Exercise brief: Please give back word for word the lines of the material below between the line containing "unfolding of_coeffs_def partial_walsh_def" and the line containing "I \<Longrightarrow> 1", inclusive.

Record extracts:
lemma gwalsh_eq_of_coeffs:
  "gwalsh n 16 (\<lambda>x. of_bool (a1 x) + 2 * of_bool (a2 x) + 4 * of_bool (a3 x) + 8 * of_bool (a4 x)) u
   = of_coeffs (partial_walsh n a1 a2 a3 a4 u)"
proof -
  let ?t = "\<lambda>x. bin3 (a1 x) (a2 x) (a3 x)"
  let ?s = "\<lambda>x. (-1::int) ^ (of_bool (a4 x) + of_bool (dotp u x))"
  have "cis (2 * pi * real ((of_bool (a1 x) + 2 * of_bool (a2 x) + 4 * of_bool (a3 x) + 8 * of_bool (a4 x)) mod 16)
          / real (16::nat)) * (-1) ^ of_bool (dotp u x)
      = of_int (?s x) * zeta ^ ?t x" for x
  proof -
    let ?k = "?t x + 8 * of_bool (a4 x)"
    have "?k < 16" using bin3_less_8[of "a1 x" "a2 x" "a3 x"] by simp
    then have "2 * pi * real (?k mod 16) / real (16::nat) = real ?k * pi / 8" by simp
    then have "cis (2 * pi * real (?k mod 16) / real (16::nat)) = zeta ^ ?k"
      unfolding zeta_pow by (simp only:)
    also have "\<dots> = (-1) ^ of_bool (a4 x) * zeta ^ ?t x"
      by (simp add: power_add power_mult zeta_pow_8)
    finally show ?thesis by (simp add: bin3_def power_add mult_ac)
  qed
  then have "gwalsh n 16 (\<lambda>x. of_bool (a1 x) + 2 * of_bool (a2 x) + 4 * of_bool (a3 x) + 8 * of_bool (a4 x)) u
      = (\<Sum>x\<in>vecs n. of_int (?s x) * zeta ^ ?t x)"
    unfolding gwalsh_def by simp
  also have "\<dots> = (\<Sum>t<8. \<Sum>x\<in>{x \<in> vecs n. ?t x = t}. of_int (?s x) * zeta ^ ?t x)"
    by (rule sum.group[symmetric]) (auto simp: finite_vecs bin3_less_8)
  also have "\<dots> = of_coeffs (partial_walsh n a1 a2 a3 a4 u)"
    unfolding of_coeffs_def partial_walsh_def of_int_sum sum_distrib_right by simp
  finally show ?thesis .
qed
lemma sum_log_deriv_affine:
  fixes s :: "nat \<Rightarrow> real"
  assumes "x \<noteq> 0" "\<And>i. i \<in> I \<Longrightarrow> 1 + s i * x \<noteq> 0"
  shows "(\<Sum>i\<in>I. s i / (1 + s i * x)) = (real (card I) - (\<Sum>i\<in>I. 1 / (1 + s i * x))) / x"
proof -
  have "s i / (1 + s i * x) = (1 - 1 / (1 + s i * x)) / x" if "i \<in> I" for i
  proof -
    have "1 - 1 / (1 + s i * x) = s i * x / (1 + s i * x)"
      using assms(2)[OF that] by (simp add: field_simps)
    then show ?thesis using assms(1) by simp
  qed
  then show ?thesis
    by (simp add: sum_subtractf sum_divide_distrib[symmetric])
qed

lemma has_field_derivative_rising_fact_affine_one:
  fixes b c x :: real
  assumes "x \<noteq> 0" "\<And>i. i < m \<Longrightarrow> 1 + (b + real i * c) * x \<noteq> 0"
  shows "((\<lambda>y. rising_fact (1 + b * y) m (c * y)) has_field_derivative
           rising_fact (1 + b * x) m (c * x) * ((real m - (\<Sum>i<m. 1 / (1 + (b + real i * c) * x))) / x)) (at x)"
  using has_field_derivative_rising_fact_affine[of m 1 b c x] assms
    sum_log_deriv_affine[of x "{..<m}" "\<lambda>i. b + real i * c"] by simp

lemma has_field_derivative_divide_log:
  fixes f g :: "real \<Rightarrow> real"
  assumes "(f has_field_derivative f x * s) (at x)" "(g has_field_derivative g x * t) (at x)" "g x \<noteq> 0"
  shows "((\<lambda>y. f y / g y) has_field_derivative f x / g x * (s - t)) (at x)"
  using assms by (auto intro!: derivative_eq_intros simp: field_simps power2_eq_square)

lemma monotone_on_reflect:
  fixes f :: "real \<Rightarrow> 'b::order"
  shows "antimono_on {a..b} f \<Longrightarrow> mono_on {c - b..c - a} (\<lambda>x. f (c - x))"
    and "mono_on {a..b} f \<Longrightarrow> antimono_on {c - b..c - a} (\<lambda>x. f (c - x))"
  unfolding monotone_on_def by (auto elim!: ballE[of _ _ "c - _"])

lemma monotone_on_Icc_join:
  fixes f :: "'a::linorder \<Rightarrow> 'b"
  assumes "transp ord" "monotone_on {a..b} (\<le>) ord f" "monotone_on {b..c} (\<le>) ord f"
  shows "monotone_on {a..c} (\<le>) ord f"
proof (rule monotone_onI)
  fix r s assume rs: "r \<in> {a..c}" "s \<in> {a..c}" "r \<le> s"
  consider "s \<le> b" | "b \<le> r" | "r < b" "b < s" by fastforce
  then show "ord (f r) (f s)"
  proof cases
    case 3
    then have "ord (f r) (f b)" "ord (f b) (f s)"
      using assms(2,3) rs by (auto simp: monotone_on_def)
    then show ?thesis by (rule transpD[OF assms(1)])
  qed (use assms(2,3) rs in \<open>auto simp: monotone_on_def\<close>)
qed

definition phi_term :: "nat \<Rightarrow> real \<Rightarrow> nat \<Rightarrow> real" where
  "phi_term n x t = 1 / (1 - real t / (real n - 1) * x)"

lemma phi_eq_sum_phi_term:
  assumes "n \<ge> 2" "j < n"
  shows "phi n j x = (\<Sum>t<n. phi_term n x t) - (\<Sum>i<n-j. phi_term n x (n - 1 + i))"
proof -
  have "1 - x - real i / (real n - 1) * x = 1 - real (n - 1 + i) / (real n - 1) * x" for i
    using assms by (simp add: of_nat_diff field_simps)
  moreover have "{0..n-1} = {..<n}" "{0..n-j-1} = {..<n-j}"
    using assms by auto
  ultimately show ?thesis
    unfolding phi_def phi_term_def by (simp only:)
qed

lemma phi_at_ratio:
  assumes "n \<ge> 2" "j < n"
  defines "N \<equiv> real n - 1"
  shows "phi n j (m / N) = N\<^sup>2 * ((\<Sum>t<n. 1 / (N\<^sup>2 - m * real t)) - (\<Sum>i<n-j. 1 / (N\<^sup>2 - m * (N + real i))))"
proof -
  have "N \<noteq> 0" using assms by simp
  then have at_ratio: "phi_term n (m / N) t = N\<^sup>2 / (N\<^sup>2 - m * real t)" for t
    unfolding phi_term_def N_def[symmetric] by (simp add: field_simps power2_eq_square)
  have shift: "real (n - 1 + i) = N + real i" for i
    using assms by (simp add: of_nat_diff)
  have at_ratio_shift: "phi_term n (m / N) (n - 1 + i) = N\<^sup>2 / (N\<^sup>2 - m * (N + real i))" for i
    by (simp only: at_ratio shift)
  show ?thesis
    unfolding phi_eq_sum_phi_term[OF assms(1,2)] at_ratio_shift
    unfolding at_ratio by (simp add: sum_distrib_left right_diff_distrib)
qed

Solution for this exercise:
    unfolding of_coeffs_def partial_walsh_def of_int_sum sum_distrib_right by simp
  finally show ?thesis .
qed
lemma sum_log_deriv_affine:
  fixes s :: "nat \<Rightarrow> real"
  assumes "x \<noteq> 0" "\<And>i. i \<in> I \<Longrightarrow> 1 + s i * x \<noteq> 0"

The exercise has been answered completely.